My bad, childStatus.SetIncomplete() doesn't reset the BreakBefore state as I assumed here, so the testcase in bug 1490032 triggers the new assertion I added (!childStatus.IsInlineBreakBefore()). (I tend to think Set[Overflow]Incomplete() should reset it since the completion state is invalid if there's a BreakBefore but let's deal with that separately.) So the interdiff here is: - if (!child->GetNextInFlow()) { - childStatus.Reset(); // report that it's complete - } else { + childStatus.Reset(); + if (child->GetNextInFlow()) { // The child already has a fragment, so we know it's splittable. childStatus.SetIncomplete(); - } + } // else, report that it's complete

Pushed by mpalmgren@mozilla.com: https://hg.mozilla.org/integration/mozilla-inbound/rev/21fc8a773b28 Don't convert InlineBreak::Before reflow status to Incomplete unless we know the child frame is splittable. r=dholbert

(Filed bug 1490422 about catching missing Reset(), or doing it automatically)

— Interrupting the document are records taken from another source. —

lemma nearly_radial_lip_bound:
  fixes X :: "'a::euclidean_space set"
  assumes X: "closed X" and nr: "nearly_radial X xb" and \<eta>: "\<eta> > 0"
  shows "\<exists>\<epsilon>0>0. \<forall>\<epsilon>. 0 < \<epsilon> \<and> \<epsilon> < \<epsilon>0 \<longrightarrow> lip_mod (Phi X \<epsilon>) Y xb \<le> ereal (1 + \<eta>)"
proof -
  define g where "g = \<eta> / (1 + \<eta>)"
  have "g > 0" unfolding g_def using \<eta> by simp
  then have "g/8 > 0" by simp
  then obtain r where r: "r > 0" and rad: "\<forall>x\<in>X. x \<noteq> xb \<and> dist x xb < r \<longrightarrow>
      infdist xb ((+) x ` tangent_cone X x) < g/8 * norm (x - xb)"
    using nr[unfolded nearly_radial_iff] by blast
  have "lip_mod (Phi X \<epsilon>) Y xb \<le> ereal (1 + \<eta>)" if \<epsilon>: "0 < \<epsilon>" "\<epsilon> < r / 2" for \<epsilon>
  proof -
    define \<kappa> where "\<kappa> = min (1 / (6 + 4 * \<eta>)) (g / 16)"
    define d where "d = \<epsilon> * \<kappa>"
    have "\<kappa> > 0" using \<eta> \<open>g > 0\<close> unfolding \<kappa>_def by simp
    have "\<kappa> * (6 + 4 * \<eta>) \<le> 1 / (6 + 4 * \<eta>) * (6 + 4 * \<eta>)"
      using \<eta> unfolding \<kappa>_def by (intro mult_right_mono) auto
    then have "\<epsilon> * (\<kappa> * (6 + 4 * \<eta>)) \<le> \<epsilon>" using \<epsilon> \<eta> by (simp add: mult_le_cancel_left1)
    moreover have "\<epsilon> * (16 * \<kappa>) \<le> \<epsilon> * g" using \<epsilon> unfolding \<kappa>_def by (intro mult_left_mono) auto
    ultimately have d: "d > 0" "d * (6 + 4 * \<eta>) \<le> \<epsilon>" "16 * d \<le> g * \<epsilon>"
      using \<epsilon> \<open>\<kappa> > 0\<close> unfolding d_def by (auto simp: ac_simps)
    have select: "\<forall>c\<in>Phi X \<epsilon> y. \<exists>c'\<in>Phi X \<epsilon> y'. norm (c - c') \<le> (1 + \<eta>) * dist y y'"
      if y: "dist y xb < d" "dist y' xb < d" for y y'
    proof
      fix c assume "c \<in> Phi X \<epsilon> y"
      then have c: "c \<in> X" "norm (c - y) \<le> \<epsilon>"
        unfolding Phi_def by (auto simp: dist_norm norm_minus_commute)
      have "0 < \<epsilon>" "2 * \<epsilon> < r" using \<epsilon> by auto
      from ball_selection[OF X \<eta> g_def rad this d(2,3) y c] obtain c' where
        "c' \<in> X" "norm (c' - y') \<le> \<epsilon>" "norm (c - c') \<le> (1 + \<eta>) * norm (y - y')"
        by blast
      then show "\<exists>c'\<in>Phi X \<epsilon> y'. norm (c - c') \<le> (1 + \<eta>) * dist y y'"
        unfolding Phi_def by (intro bexI[of _ c']) (auto simp: dist_norm norm_minus_commute)
    qed
    show ?thesis
    proof (rule lip_mod_le[OF d(1)])
      fix y y' assume y: "dist y xb < d" "dist y' xb < d"
      show "ph_dist (Phi X \<epsilon> y') (Phi X \<epsilon> y) \<le> ereal ((1 + \<eta>) * dist y' y)"
      proof (rule ph_dist_le)
        show "\<forall>c\<in>Phi X \<epsilon> y'. \<exists>c'\<in>Phi X \<epsilon> y. norm (c - c') \<le> (1 + \<eta>) * dist y' y"
          using select[OF y(2,1)] .
        show "\<forall>c\<in>Phi X \<epsilon> y. \<exists>c'\<in>Phi X \<epsilon> y'. norm (c - c') \<le> (1 + \<eta>) * dist y' y"
          using select[OF y] by (simp add: dist_commute)
      qed (use \<eta> in simp)
    qed (use \<eta> in simp)
  qed
  then show ?thesis using r by (intro exI[of _ "r / 2"]) auto
qed

lemma nearly_radial_imp_one_peaceful:
  fixes X :: "'a::euclidean_space set"
  assumes X: "closed X" and nr: "nearly_radial X xb"
  shows "one_peaceful X xb"
  unfolding one_peaceful_def
proof
  obtain \<epsilon>0 where \<epsilon>0: "\<epsilon>0 > 0"
    and bound: "\<And>\<epsilon>. 0 < \<epsilon> \<and> \<epsilon> < \<epsilon>0 \<Longrightarrow> lip_mod (Phi X \<epsilon>) X xb \<le> ereal (1 + 1)"
    using nearly_radial_lip_bound[OF X nr, of 1 X] by auto
  show "\<forall>\<^sub>F \<epsilon> in at_right 0. lip_mod (Phi X \<epsilon>) X xb < \<infinity>"
    unfolding eventually_at_right_field
  proof (intro exI[of _ \<epsilon>0] conjI allI impI)
    fix \<epsilon> :: real assume "0 < \<epsilon>" "\<epsilon> < \<epsilon>0"
    then have "lip_mod (Phi X \<epsilon>) X xb \<le> ereal (1 + 1)" using bound by simp
    then show "lip_mod (Phi X \<epsilon>) X xb < \<infinity>" by (rule order.strict_trans1) simp
  qed (use \<epsilon>0 in simp)
  show "Limsup (at_right 0) (\<lambda>\<epsilon>. lip_mod (Phi X \<epsilon>) UNIV xb) \<le> 1"
    unfolding Limsup_le_iff
  proof (intro allI impI)
    fix c :: ereal assume "c > 1"
    then obtain L where L: "1 < ereal L" "ereal L < c" using ereal_dense2 by blast
    obtain \<epsilon>0 where "\<epsilon>0 > 0"
      "\<And>\<epsilon>. 0 < \<epsilon> \<and> \<epsilon> < \<epsilon>0 \<Longrightarrow> lip_mod (Phi X \<epsilon>) UNIV xb \<le> ereal (1 + (L - 1))"
      using nearly_radial_lip_bound[OF X nr, of "L - 1" UNIV] L by auto
    then show "\<forall>\<^sub>F \<epsilon> in at_right 0. lip_mod (Phi X \<epsilon>) UNIV xb < c"
      unfolding eventually_at_right_field using L by (auto intro: le_less_trans)
  qed
qed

mats, this bug is marked as affecting 63, should we consider uplifting the patch to beta while we are early in the beta cycle or can it ride the trains? Thanks

Sure, this seems like a low-risk change to me.

Please request Beta approval on this patch then :)

Comment on attachment 9007956 [details] [diff] [review] Don't convert InlineBreak::Before reflow status to Incomplete unless we know the child frame is splittable. Approval Request Comment [Feature/Bug causing the regression]:grid fragmentation feature [User impact if declined]:crash [Is this code covered by automated tests?]:yes [Has the fix been verified in Nightly?]:yes [Needs manual test from QE? If yes, steps to reproduce]: no [List of other uplifts needed for the feature/fix]: [Is the change risky?]:no [Why is the change risky/not risky?]:trivial fix, only affects grid fragmentation [String changes made/needed]:none

Comment on attachment 9007956 [details] [diff] [review] Don't convert InlineBreak::Before reflow status to Incomplete unless we know the child frame is splittable. Approved for 63 beta 7, thanks.